What this task involves →
Exactly retype the lines of the material from its first line to the line with "obtain \<xi>' where", including both.

*** Material for this task Section Begins ***

lemma compact_invariant_eq_codings:
  assumes "compact K" "K \<noteq> {}" "K = (\<Union>k\<in>{1,2,3,4}. S p q k ` K)"
  shows "K = codings p q"
proof (rule subset_antisym)
  show "K \<subseteq> codings p q"
    using invariant_subset_codings[OF compact_imp_bounded[OF assms(1)] equalityD1[OF assms(3)]] .
  show "codings p q \<subseteq> K"
    using codings_subset_invariant[OF compact_imp_closed[OF assms(1)] assms(2) equalityD2[OF assms(3)]] .
qed

lemma codings_nonempty: "codings p q \<noteq> {}"
  unfolding codings_def words_def by (auto intro!: exI[of _ "\<lambda>_. 1"])

text \<open>The closure of the codings is again compact and invariant, so by uniqueness it adds no points.\<close>
lemma compact_codings: "compact (codings p q)"
proof -
  have bounded: "bounded (codings p q)"
    using coding_unit_interval
    unfolding bounded_iff codings_def by (intro exI[of _ 1]) auto
  have continuous: "continuous_on UNIV (S p q k)" for k
    unfolding S_affine[abs_def] by (intro continuous_intros)
  have "(\<Union>k\<in>{1,2,3,4}. S p q k ` closure (codings p q))
      = (\<Union>k\<in>{1,2,3,4}. closure (S p q k ` codings p q))"
    by (simp only: image_closure_eq_closure_image[OF continuous bounded])
  also have "\<dots> = closure (\<Union>k\<in>{1,2,3,4}. S p q k ` codings p q)"
    by (simp add: closure_Un)
  finally have "closure (codings p q) = (\<Union>k\<in>{1,2,3,4}. S p q k ` closure (codings p q))"
    by (simp only: codings_invariant)
  then have "closure (codings p q) = codings p q"
    using bounded codings_nonempty
    by (intro compact_invariant_eq_codings) (simp_all add: compact_closure)
  then show ?thesis
    using bounded unfolding compact_closure[symmetric] by simp
qed
lemma zero_set_empty_iff:
  "zero_set M = {} \<longleftrightarrow> (\<forall>\<xi>. \<exists>k\<in>int_lattice. ft M (\<xi> + k) \<noteq> 0)"
proof
  assume empty: "zero_set M = {}"
  show "\<forall>\<xi>. \<exists>k\<in>int_lattice. ft M (\<xi> + k) \<noteq> 0"
  proof
    fix \<xi> :: "real^'a"
    obtain \<xi>' where \<xi>': "\<xi>' \<in> unit_cube" "\<xi> - \<xi>' \<in> int_lattice"
      using unit_cube_representative by blast
    then obtain k where k: "k \<in> int_lattice" "ft M (\<xi>' + k) \<noteq> 0"
      using empty unfolding zero_set_def by auto
    have "\<xi> + (k - (\<xi> - \<xi>')) = \<xi>' + k" by simp
    thus "\<exists>k\<in>int_lattice. ft M (\<xi> + k) \<noteq> 0"
      using k int_lattice_diff[OF k(1) \<xi>'(2)] by metis
  qed
qed (auto simp: zero_set_def)

definition lattice_witnesses :: "real \<Rightarrow> (real^'n) measure \<Rightarrow> real^'n \<Rightarrow> (real^'n) set" where
  "lattice_witnesses \<epsilon> M \<xi> = {k \<in> int_lattice. \<epsilon> \<le> cmod (ft M (\<xi> + k))}"

definition uniform_lattice_witnesses :: "(nat \<Rightarrow> (real^'n) measure) \<Rightarrow> bool" where
  "uniform_lattice_witnesses Ms \<longleftrightarrow>
    (\<exists>\<epsilon>>0. \<exists>N::nat. N > 0 \<and> (\<forall>n\<ge>N. zero_set (Ms n) = {}) \<and>
      (\<exists>B::real. \<forall>n\<ge>N. \<forall>\<xi>\<in>unit_cube.
          lattice_witnesses \<epsilon> (Ms n) \<xi> \<noteq> {} \<and> Inf (norm ` lattice_witnesses \<epsilon> (Ms n) \<xi>) \<le> B))"

lemma zero_set_empty_if_lattice_witnesses:
  assumes "\<epsilon> > 0" "\<And>\<xi>. \<xi> \<in> unit_cube \<Longrightarrow> lattice_witnesses \<epsilon> M \<xi> \<noteq> {}"
  shows "zero_set M = {}"
  using assms unfolding zero_set_def lattice_witnesses_def by fastforce

lemma eventually_uniform_translate_lower_bound:
  fixes f :: "nat \<Rightarrow> 'a::real_normed_vector \<Rightarrow> 'b::real_normed_vector"
  assumes "compact S"
    and nonzero: "\<And>\<xi>. \<xi> \<in> S \<Longrightarrow> \<exists>k\<in>\<Lambda>. g (\<xi> + k) \<noteq> 0"
    and lim: "\<And>x. (\<lambda>n. f n x) \<longlonglongrightarrow> g x"
    and lip: "\<And>n x y. norm (f n x - f n y) \<le> L * norm (x - y) + \<delta> n"
    and \<delta>: "\<delta> \<longlonglongrightarrow> 0"
  obtains \<epsilon> N K where "\<epsilon> > 0" "finite K" "K \<subseteq> \<Lambda>"
    "\<And>n \<eta>. n \<ge> N \<Longrightarrow> \<eta> \<in> S \<Longrightarrow> \<exists>k\<in>K. \<epsilon> \<le> norm (f n (\<eta> + k))"
proof -
  obtain kk where kk: "\<And>\<xi>. \<xi> \<in> S \<Longrightarrow> kk \<xi> \<in> \<Lambda> \<and> g (\<xi> + kk \<xi>) \<noteq> 0"
    using nonzero by metis
  define a where "a \<xi> = norm (g (\<xi> + kk \<xi>))" for \<xi>
  have a_pos: "a \<xi> > 0" if "\<xi> \<in> S" for \<xi> using kk[OF that] unfolding a_def by auto
  have "\<forall>\<^sub>F n in sequentially. 3 * a \<xi> / 4 < norm (f n (\<xi> + kk \<xi>)) \<and> \<delta> n < a \<xi> / 4"
    if "\<xi> \<in> S" for \<xi>
  proof (rule eventually_conj)
    have "(\<lambda>n. norm (f n (\<xi> + kk \<xi>))) \<longlonglongrightarrow> a \<xi>"
      unfolding a_def by (intro tendsto_norm lim)
    thus "\<forall>\<^sub>F n in sequentially. 3 * a \<xi> / 4 < norm (f n (\<xi> + kk \<xi>))"
      by (rule order_tendstoD) (use a_pos[OF that] in auto)
    show "\<forall>\<^sub>F n in sequentially. \<delta> n < a \<xi> / 4"
      by (rule order_tendstoD[OF \<delta>]) (use a_pos[OF that] in auto)
  qed
  hence "\<forall>\<xi>\<in>S. \<exists>N. \<forall>n\<ge>N. 3 * a \<xi> / 4 < norm (f n (\<xi> + kk \<xi>)) \<and> \<delta> n < a \<xi> / 4"
    unfolding eventually_sequentially by blast
  then obtain NN where NN: "\<forall>\<xi>\<in>S. \<forall>n\<ge>NN \<xi>.
      3 * a \<xi> / 4 < norm (f n (\<xi> + kk \<xi>)) \<and> \<delta> n < a \<xi> / 4"
    by (auto dest: bchoice)
  define r where "r \<xi> = a \<xi> / (4 * (\<bar>L\<bar> + 1))" for \<xi>
  have r_pos: "r \<xi> > 0" if "\<xi> \<in> S" for \<xi>
    unfolding r_def using a_pos[OF that] by (intro divide_pos_pos) auto
  obtain F where F: "F \<subseteq> S" "finite F" "S \<subseteq> (\<Union>\<xi>\<in>F. ball \<xi> (r \<xi>))"
  proof (rule compactE_image[OF \<open>compact S\<close>, of S "\<lambda>\<xi>. ball \<xi> (r \<xi>)"])
    show "S \<subseteq> (\<Union>\<xi>\<in>S. ball \<xi> (r \<xi>))"
      using r_pos by force
  qed auto
  \<comment> \<open>The \<open>1\<close> only guards against \<open>F = {}\<close>.\<close>
  define \<epsilon> where "\<epsilon> = Min (insert 1 ((\<lambda>\<xi>. a \<xi> / 4) ` F))"
  show ?thesis
  proof
    show "\<epsilon> > 0" unfolding \<epsilon>_def using F(1,2) a_pos by (auto simp: Min_gr_iff)
    show "finite (kk ` F)" "kk ` F \<subseteq> \<Lambda>" using F(1,2) kk by auto
    fix n \<eta> assume n: "Max (NN ` F) \<le> n" and "\<eta> \<in> S"
    then obtain \<xi> where \<xi>: "\<xi> \<in> F" "dist \<xi> \<eta> < r \<xi>" using F(3) by auto
    have "NN \<xi> \<le> Max (NN ` F)" using F(2) \<xi>(1) by (intro Max_ge) auto
    hence "NN \<xi> \<le> n" using n by linarith
    with \<xi>(1) F(1) NN have NN\<xi>: "3 * a \<xi> / 4 < norm (f n (\<xi> + kk \<xi>))" "\<delta> n < a \<xi> / 4"
      by auto
    have "L * norm ((\<xi> + kk \<xi>) - (\<eta> + kk \<xi>)) \<le> (\<bar>L\<bar> + 1) * dist \<xi> \<eta>"
      by (simp add: dist_norm mult_right_mono)
    also have "\<dots> \<le> (\<bar>L\<bar> + 1) * r \<xi>"
      using \<xi>(2) by (intro mult_left_mono) auto
    also have "\<dots> = a \<xi> / 4" unfolding r_def by (simp add: field_simps)
    finally have "norm (f n (\<xi> + kk \<xi>) - f n (\<eta> + kk \<xi>)) \<le> a \<xi> / 4 + \<delta> n"
      using lip[of n "\<xi> + kk \<xi>" "\<eta> + kk \<xi>"] by linarith
    hence "a \<xi> / 4 \<le> norm (f n (\<eta> + kk \<xi>))"
      using norm_triangle_sub[of "f n (\<xi> + kk \<xi>)" "f n (\<eta> + kk \<xi>)"] NN\<xi> by linarith
    moreover have "\<epsilon> \<le> a \<xi> / 4" unfolding \<epsilon>_def using F(2) \<xi>(1) by (intro Min_le) auto
    ultimately show "\<exists>k\<in>kk ` F. \<epsilon> \<le> norm (f n (\<eta> + k))" using \<xi>(1) by force
  qed
qed
(* Suppose that either (1) the cost function $C$ is submodular and all valuations are supermodular, or (2) $C$ is submodular and player-wise symmetric and all valuations are symmetric. Then the Sequential Mechanism is groupstrategyproof, $1$-budget-balanced (i.e. $\sum_ip_i=C(\overrightarrow{ALG})$), is an $n$-approximation to the social cost, and satisfies individual rationality and no positive transfers.
   Context: Setting. $N=\{1,\dots,n\}$ is a set of players and $M_1,\dots,M_n$ are pairwise disjoint finite sets; $M=\bigcup_i M_i$; allocations $\vec S=(S_1,\dots,S_n)$ with $S_i\subseteq M_i$ are identified with subsets of $M$, with componentwise set operations. A cost function is a monotone $C:2^M\to\mathbb{R}_{\ge0}$ with $C(\emptyset)=0$; valuations $v_i:2^{M_i}\to\mathbb{R}_{\ge0}$ are monotone with $v_i(\emptyset)=0$. Sequential Mechanism: start with $ALG_i=\emptyset$ for all $i$. For $i=1,\dots,n$ in order: let $\mathcal A_i=\arg\max_{S\subseteq M_i}v_i(S)-[C(\overrightarrow{ALG}\cup S)-C(\overrightarrow{ALG})]$ (with $\overrightarrow{ALG}$ the current allocation, in which only players $1,\dots,i-1$ have been assigned), set $ALG_i$ to an element of $\mathcal A_i$ of maximum cardinality, and charge $p_i=C(ALG_1,\dots,ALG_i)-C(ALG_1,\dots,ALG_{i-1})$. Groupstrategyproof: for every $K\subseteq N$ and every joint misreport by $K$ (other players reporting truthfully), if $v_i(S_i)-p_i\le v_i(S'_i)-p'_i$ for all $i\in K$ then equality holds for all $i\in K$, where $(\vec S,\vec p)$ and $(\vec S',\vec p')$ are the outputs under truthful reports and under the misreport. Individual rationality: $p_i\le v_i(ALG_i)$; no positive transfers: $p_i\ge0$. Social cost $\pi(\vec S)=C(\vec S)+\sum_i[v_i(M_i)-v_i(S_i)]$; $n$-approximation: $\pi(\overrightarrow{ALG})\le n\min_{\vec S}\pi(\vec S)$ for all profiles. Supermodular $v$: $v(S)+v(T)\le v(S\cup T)+v(S\cap T)$; submodular $C$: $C(S)+C(T)\ge C(S\cup T)+C(S\cap T)$. Symmetric valuation: $v_i(S)=v_i(T)$ whenever $|S|=|T|$. Player-wise symmetric cost: $C(\vec S)=C(\vec T)$ whenever $|S_i|=|T_i|$ for all $i$. *)

theory Defs
  imports Complex_Main "HOL-Library.Disjoint_Sets"
begin

text \<open>Players are 1..n; M i is the finite item set of player i; an allocation is a
 family ALG with ALG i \<subseteq> M i, identified with the union of its components.\<close>

definition items :: "nat \<Rightarrow> (nat \<Rightarrow> 'a set) \<Rightarrow> 'a set" where
  "items n M = (\<Union>i\<in>{1..n}. M i)"

definition valid_items :: "nat \<Rightarrow> (nat \<Rightarrow> 'a set) \<Rightarrow> bool" where
  "valid_items n M \<longleftrightarrow> (\<forall>i\<in>{1..n}. finite (M i)) \<and> disjoint_family_on M {1..n}"

definition cost_function :: "'a set \<Rightarrow> ('a set \<Rightarrow> real) \<Rightarrow> bool" where
  "cost_function A C \<longleftrightarrow> C {} = 0 \<and> (\<forall>S\<subseteq>A. 0 \<le> C S) \<and>
     (\<forall>S T. S \<subseteq> T \<longrightarrow> T \<subseteq> A \<longrightarrow> C S \<le> C T)"

definition valuation :: "'a set \<Rightarrow> ('a set \<Rightarrow> real) \<Rightarrow> bool" where
  "valuation A v \<longleftrightarrow> v {} = 0 \<and> (\<forall>S\<subseteq>A. 0 \<le> v S) \<and>
     (\<forall>S T. S \<subseteq> T \<longrightarrow> T \<subseteq> A \<longrightarrow> v S \<le> v T)"

definition supermodular_on :: "'a set \<Rightarrow> ('a set \<Rightarrow> real) \<Rightarrow> bool" where
  "supermodular_on A v \<longleftrightarrow> (\<forall>S T. S \<subseteq> A \<longrightarrow> T \<subseteq> A \<longrightarrow> v S + v T \<le> v (S \<union> T) + v (S \<inter> T))"

definition submodular_on :: "'a set \<Rightarrow> ('a set \<Rightarrow> real) \<Rightarrow> bool" where
  "submodular_on A C \<longleftrightarrow> (\<forall>S T. S \<subseteq> A \<longrightarrow> T \<subseteq> A \<longrightarrow> C S + C T \<ge> C (S \<union> T) + C (S \<inter> T))"

definition symmetric_on :: "'a set \<Rightarrow> ('a set \<Rightarrow> real) \<Rightarrow> bool" where
  "symmetric_on A v \<longleftrightarrow> (\<forall>S T. S \<subseteq> A \<longrightarrow> T \<subseteq> A \<longrightarrow> card S = card T \<longrightarrow> v S = v T)"

definition playerwise_symmetric :: "nat \<Rightarrow> (nat \<Rightarrow> 'a set) \<Rightarrow> ('a set \<Rightarrow> real) \<Rightarrow> bool" where
  "playerwise_symmetric n M C \<longleftrightarrow> (\<forall>S T. S \<subseteq> items n M \<longrightarrow> T \<subseteq> items n M \<longrightarrow>
     (\<forall>i\<in>{1..n}. card (S \<inter> M i) = card (T \<inter> M i)) \<longrightarrow> C S = C T)"

definition before :: "(nat \<Rightarrow> 'a set) \<Rightarrow> nat \<Rightarrow> 'a set" where
  "before ALG i = (\<Union>j\<in>{1..<i}. ALG j)"

definition upto_alloc :: "(nat \<Rightarrow> 'a set) \<Rightarrow> nat \<Rightarrow> 'a set" where
  "upto_alloc ALG i = (\<Union>j\<in>{1..i}. ALG j)"

text \<open>ALG is a possible outcome of the Sequential Mechanism on reported valuations v
 (any choice among maximum-cardinality maximisers is allowed).\<close>
definition seq_run :: "nat \<Rightarrow> (nat \<Rightarrow> 'a set) \<Rightarrow> ('a set \<Rightarrow> real) \<Rightarrow> (nat \<Rightarrow> 'a set \<Rightarrow> real)
    \<Rightarrow> (nat \<Rightarrow> 'a set) \<Rightarrow> bool" where
  "seq_run n M C v ALG \<longleftrightarrow> (\<forall>i\<in>{1..n}.
     (let u = (\<lambda>S. v i S - (C (before ALG i \<union> S) - C (before ALG i))) in
       ALG i \<subseteq> M i \<and>
       (\<forall>S. S \<subseteq> M i \<longrightarrow> u S \<le> u (ALG i)) \<and>
       (\<forall>S. S \<subseteq> M i \<longrightarrow> u S = u (ALG i) \<longrightarrow> card S \<le> card (ALG i))))"

definition payment :: "('a set \<Rightarrow> real) \<Rightarrow> (nat \<Rightarrow> 'a set) \<Rightarrow> nat \<Rightarrow> real" where
  "payment C ALG i = C (upto_alloc ALG i) - C (before ALG i)"

definition social_cost :: "nat \<Rightarrow> (nat \<Rightarrow> 'a set) \<Rightarrow> ('a set \<Rightarrow> real) \<Rightarrow> (nat \<Rightarrow> 'a set \<Rightarrow> real)
    \<Rightarrow> (nat \<Rightarrow> 'a set) \<Rightarrow> real" where
  "social_cost n M C v S = C (\<Union>i\<in>{1..n}. S i) + (\<Sum>i\<in>{1..n}. v i (M i) - v i (S i))"

definition allocation :: "nat \<Rightarrow> (nat \<Rightarrow> 'a set) \<Rightarrow> (nat \<Rightarrow> 'a set) \<Rightarrow> bool" where
  "allocation n M S \<longleftrightarrow> (\<forall>i\<in>{1..n}. S i \<subseteq> M i)"

definition groupstrategyproof :: "nat \<Rightarrow> (nat \<Rightarrow> 'a set) \<Rightarrow> ('a set \<Rightarrow> real) \<Rightarrow>
    (nat \<Rightarrow> ('a set \<Rightarrow> real) \<Rightarrow> bool) \<Rightarrow> (nat \<Rightarrow> 'a set \<Rightarrow> real) \<Rightarrow> bool" where
  "groupstrategyproof n M C D v \<longleftrightarrow>
    (\<forall>K w ALG ALG'. K \<subseteq> {1..n} \<longrightarrow>
       (\<forall>i\<in>{1..n}. D i (w i)) \<longrightarrow>
       (\<forall>i\<in>{1..n} - K. \<forall>S\<subseteq>M i. w i S = v i S) \<longrightarrow>
       seq_run n M C v ALG \<longrightarrow> seq_run n M C w ALG' \<longrightarrow>
       (\<forall>i\<in>K. v i (ALG i) - payment C ALG i \<le> v i (ALG' i) - payment C ALG' i) \<longrightarrow>
       (\<forall>i\<in>K. v i (ALG i) - payment C ALG i = v i (ALG' i) - payment C ALG' i))"

definition seq_mech_properties :: "nat \<Rightarrow> (nat \<Rightarrow> 'a set) \<Rightarrow> ('a set \<Rightarrow> real) \<Rightarrow>
    (nat \<Rightarrow> ('a set \<Rightarrow> real) \<Rightarrow> bool) \<Rightarrow> (nat \<Rightarrow> 'a set \<Rightarrow> real) \<Rightarrow> bool" where
  "seq_mech_properties n M C D v \<longleftrightarrow>
     groupstrategyproof n M C D v \<and>
     (\<forall>ALG. seq_run n M C v ALG \<longrightarrow>
        (\<Sum>i\<in>{1..n}. payment C ALG i) = C (\<Union>i\<in>{1..n}. ALG i) \<and>
        (\<forall>S. allocation n M S \<longrightarrow>
             social_cost n M C v ALG \<le> real n * social_cost n M C v S) \<and>
        (\<forall>i\<in>{1..n}. payment C ALG i \<le> v i (ALG i)) \<and>
        (\<forall>i\<in>{1..n}. 0 \<le> payment C ALG i))"

end

theory Submission
  imports Defs
begin

text \<open>
Budget balance telescopes, and individual rationality and no positive transfers are immediate.
By submodularity marginal costs only grow along the run, so each player's chosen set is at least
as good as any set bought on top of a smaller prefix; with the empty prefix this gives the
\<open>n\<close>-approximation.

For groupstrategyproofness one compares the truthful run with the run under a coalition's
misreport and shows by induction over the players that the misreport never hands a player
more than the truthful run does: with supermodular valuations every misreported allocation is
a subset of the truthful one, and with symmetric valuations and a player-wise symmetric cost it
is no larger in cardinality.  The maximum-cardinality tie-breaking rule is what turns
``at least as good'' into these comparisons.  Consequently each coalition member faces, in the
misreported run, the marginal costs of a sub-prefix of its truthful prefix, so its utility
there is at most its truthful utility, and a weak improvement for all members is an equality.
\<close>

definition net_utility :: "('a set \<Rightarrow> real) \<Rightarrow> ('a set \<Rightarrow> real) \<Rightarrow> 'a set \<Rightarrow> 'a set \<Rightarrow> real" where
  "net_utility C f A S = f S - (C (A \<union> S) - C A)"
lemma ncpoly_of_list:
  assumes P: "\<forall>p\<in>set P. set (fst p) \<subseteq> {..<N} \<times> {1..k}"
  obtains q where "ncpoly N k q" and "\<And>x. ncEval k q x = list_poly_eval k P x"
proof -
  define q where "q w = (\<Sum>p\<leftarrow>filter (\<lambda>p. fst p = w) P. snd p)" for w
  define W where "W = fst ` set P"
  have supp: "{w. q w \<noteq> 0} \<subseteq> W"
  proof
    fix w assume "w \<in> {w. q w \<noteq> 0}"
    then have "filter (\<lambda>p. fst p = w) P \<noteq> []"
      by (auto simp: q_def)
    then show "w \<in> W"
      unfolding W_def filter_empty_conv by force
  qed
  have "ncpoly N k q"
    unfolding ncpoly_def using supp P by (auto simp: W_def intro: finite_subset)
  moreover have "ncEval k q x u = list_poly_eval k P x u" for x u
  proof -
    have "ncEval k q x u = (\<Sum>w\<in>W. q w * monoeval k w x u)"
      unfolding ncEval_def using supp by (intro sum.mono_neutral_left) (auto simp: W_def)
    also have "\<dots> = list_poly_eval k P x u"
      unfolding q_def list_poly_eval_def by (rule sum_grouped_sum_list) (simp_all add: W_def)
    finally show ?thesis .
  qed
  ultimately show thesis
    using that by blast
qed

theorem proposition4p9:
  fixes d k N :: nat
  assumes "1 \<le> N"
  shows "\<exists>q. ncpoly N k q \<and>
           (\<forall>x. (\<forall>i<N. x i \<in> G d k) \<longrightarrow> bary d k N x = ncEval k q x)"
proof -
  obtain P where P: "\<forall>p\<in>set P. set (fst p) \<subseteq> {..<N} \<times> {1..k}"
    and iter: "\<And>x. (\<forall>i<N. unipotent k (x i)) \<Longrightarrow> bary_iter k N x k = list_poly_eval k P x"
    using poly_map_bary_iter[of N k k] unfolding poly_map_def by blast
  obtain q where q: "ncpoly N k q" "\<And>x. ncEval k q x = list_poly_eval k P x"
    using ncpoly_of_list[OF P] by blast
  have "bary d k N x = ncEval k q x" if x: "\<forall>i<N. x i \<in> G d k" for x
  proof -
    have "\<forall>i<N. unipotent k (x i)"
      using x by (auto simp: G_iff_group_like intro: group_like_unipotent)
    then show ?thesis
      using bary_eq_bary_iter[of N x d k] x assms iter q(2) by simp
  qed
  with q(1) show ?thesis
    by blast
qed

end
text \<open>
  On the boundary \<open>t \<mapsto> (a cos t, b sin t)\<close> the chord between parameters \<open>u < v < u + 2\<pi>\<close>
  has length \<open>2 sin((v-u)/2) \<surd>(P - Q cos(u+v))\<close>, where \<open>P = (a\<^sup>2+b\<^sup>2)/2\<close>, \<open>Q = (a\<^sup>2-b\<^sup>2)/2\<close>.
  With half-gaps \<open>x, y, z\<close> and half-sum \<open>\<phi>\<close> of four ordered parameters, each product of opposite
  chords has the form \<open>sin \<cdot> sin \<cdot> \<surd>((P - Q cos(\<phi>-\<psi>))(P - Q cos(\<phi>+\<psi>)))\<close>, and this root
  lies between \<open>(ab/P)(P - Q cos \<phi> cos \<psi>)\<close> and \<open>P - Q cos \<phi> cos \<psi>\<close>. Bounding the numerator of
  \<open>p\<close> from above and the denominator from below, the weighted Ptolemy identity for sines makes the
  two sides match, so \<open>p \<le> P/(ab) = (a/b + b/a)/2\<close>, with equality at the four vertices; hence
  \<open>P(E) = (a/b + b/a)/2\<close>. An arbitrary simple parametrization of the boundary is reduced to the
  standard one by lifting it to a continuous angle, which is monotone on \<open>[s\<^sub>1, s\<^sub>4]\<close> and winds
  less than once there. The remaining inequalities are
  \<open>\<pi>\<^sup>2x/(\<pi>\<^sup>2+4x\<^sup>2) \<le> sin x \<le> 4\<pi>x/(\<pi>\<^sup>2+4x\<^sup>2)\<close> on \<open>[0, \<pi>/2]\<close>, taken at \<open>x = b\<pi>/(2a)\<close>.
\<close>

lemma cos_product_factor_eq:
  fixes P Q phi psi :: real
  shows "(P - Q * cos (phi - psi)) * (P - Q * cos (phi + psi))
       = (P - Q * cos phi * cos psi)^2 - Q^2 * (sin phi)^2 * (sin psi)^2"
  unfolding cos_diff cos_add by (simp add: power2_eq_square algebra_simps)

lemma cos_factor_nonneg:
  fixes P Q u :: real
  assumes "0 \<le> Q" "Q \<le> P" "\<bar>u\<bar> \<le> 1"
  shows "0 \<le> P - Q * u"
proof -
  have "Q * u \<le> Q * 1" using assms by (intro mult_left_mono) auto
  with assms show ?thesis by simp
qed

lemma sqrt_cos_product_le:
  fixes P Q phi psi :: real
  assumes "0 \<le> Q" "Q \<le> P"
  shows "sqrt ((P - Q * cos (phi - psi)) * (P - Q * cos (phi + psi))) \<le> P - Q * cos phi * cos psi"
proof (rule real_le_lsqrt)
  show "0 \<le> P - Q * cos phi * cos psi"
    using cos_factor_nonneg[OF assms] by (simp add: abs_mult mult_le_one mult.assoc)
qed (simp_all add: cos_product_factor_eq)

lemma sqrt_cos_product_ge:
  fixes P Q phi psi :: real
  assumes "0 \<le> Q" "Q \<le> P"
  shows "sqrt (P^2 - Q^2) * (P - Q * cos phi * cos psi)
       \<le> P * sqrt ((P - Q * cos (phi - psi)) * (P - Q * cos (phi + psi)))"
proof -
  define C c where "C = \<bar>cos phi\<bar>" and "c = \<bar>cos psi\<bar>"
  have Cc: "0 \<le> C" "C \<le> 1" "0 \<le> c" "c \<le> 1" unfolding C_def c_def by simp_all
  define L where "L = P - Q * cos phi * cos psi"
  have "Q * (cos phi * cos psi) \<le> Q * (C * c)"
    using assms by (intro mult_left_mono) (auto simp: C_def c_def abs_mult[symmetric])
  also have "\<dots> \<le> P * (C * c)" using assms Cc by (intro mult_right_mono) auto
  finally have L_ge: "P * (1 - C * c) \<le> L" unfolding L_def by (simp add: algebra_simps)
  have "(1 - C^2) * (1 - c^2) \<le> (1 - C * c)^2"
    using zero_le_power2[of "C - c"] by (simp add: power2_eq_square algebra_simps)
  have "P^2 * ((sin phi)^2 * (sin psi)^2) = P^2 * ((1 - C^2) * (1 - c^2))"
    unfolding C_def c_def by (simp add: sin_squared_eq)
  also have "\<dots> \<le> (P * (1 - C * c))^2"
    using \<open>(1 - C^2) * (1 - c^2) \<le> (1 - C * c)^2\<close> by (simp add: power_mult_distrib mult_left_mono)
  also have "\<dots> \<le> L^2"
    using L_ge assms Cc by (intro power_mono) (auto simp: mult_le_one)
  finally have key: "P^2 * ((sin phi)^2 * (sin psi)^2) \<le> L^2" .
  have "(P^2 - Q^2) * L^2 \<le> P^2 * (L^2 - Q^2 * (sin phi)^2 * (sin psi)^2)"
    using mult_left_mono[OF key, of "Q^2"] by (simp add: algebra_simps)
  then have "sqrt ((P^2 - Q^2) * L^2) \<le> sqrt (P^2 * (L^2 - Q^2 * (sin phi)^2 * (sin psi)^2))"
    by (rule real_sqrt_le_mono)
  moreover have "0 \<le> L" unfolding L_def
    using cos_factor_nonneg[OF assms] by (simp add: abs_mult mult_le_one mult.assoc)
  ultimately show ?thesis
    using assms unfolding cos_product_factor_eq L_def[symmetric] by (simp add: real_sqrt_mult)
qed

*** Material for this task Section Ends ***

Result of the task →
lemma compact_invariant_eq_codings:
  assumes "compact K" "K \<noteq> {}" "K = (\<Union>k\<in>{1,2,3,4}. S p q k ` K)"
  shows "K = codings p q"
proof (rule subset_antisym)
  show "K \<subseteq> codings p q"
    using invariant_subset_codings[OF compact_imp_bounded[OF assms(1)] equalityD1[OF assms(3)]] .
  show "codings p q \<subseteq> K"
    using codings_subset_invariant[OF compact_imp_closed[OF assms(1)] assms(2) equalityD2[OF assms(3)]] .
qed

lemma codings_nonempty: "codings p q \<noteq> {}"
  unfolding codings_def words_def by (auto intro!: exI[of _ "\<lambda>_. 1"])

text \<open>The closure of the codings is again compact and invariant, so by uniqueness it adds no points.\<close>
lemma compact_codings: "compact (codings p q)"
proof -
  have bounded: "bounded (codings p q)"
    using coding_unit_interval
    unfolding bounded_iff codings_def by (intro exI[of _ 1]) auto
  have continuous: "continuous_on UNIV (S p q k)" for k
    unfolding S_affine[abs_def] by (intro continuous_intros)
  have "(\<Union>k\<in>{1,2,3,4}. S p q k ` closure (codings p q))
      = (\<Union>k\<in>{1,2,3,4}. closure (S p q k ` codings p q))"
    by (simp only: image_closure_eq_closure_image[OF continuous bounded])
  also have "\<dots> = closure (\<Union>k\<in>{1,2,3,4}. S p q k ` codings p q)"
    by (simp add: closure_Un)
  finally have "closure (codings p q) = (\<Union>k\<in>{1,2,3,4}. S p q k ` closure (codings p q))"
    by (simp only: codings_invariant)
  then have "closure (codings p q) = codings p q"
    using bounded codings_nonempty
    by (intro compact_invariant_eq_codings) (simp_all add: compact_closure)
  then show ?thesis
    using bounded unfolding compact_closure[symmetric] by simp
qed
lemma zero_set_empty_iff:
  "zero_set M = {} \<longleftrightarrow> (\<forall>\<xi>. \<exists>k\<in>int_lattice. ft M (\<xi> + k) \<noteq> 0)"
proof
  assume empty: "zero_set M = {}"
  show "\<forall>\<xi>. \<exists>k\<in>int_lattice. ft M (\<xi> + k) \<noteq> 0"
  proof
    fix \<xi> :: "real^'a"
    obtain \<xi>' where \<xi>': "\<xi>' \<in> unit_cube" "\<xi> - \<xi>' \<in> int_lattice"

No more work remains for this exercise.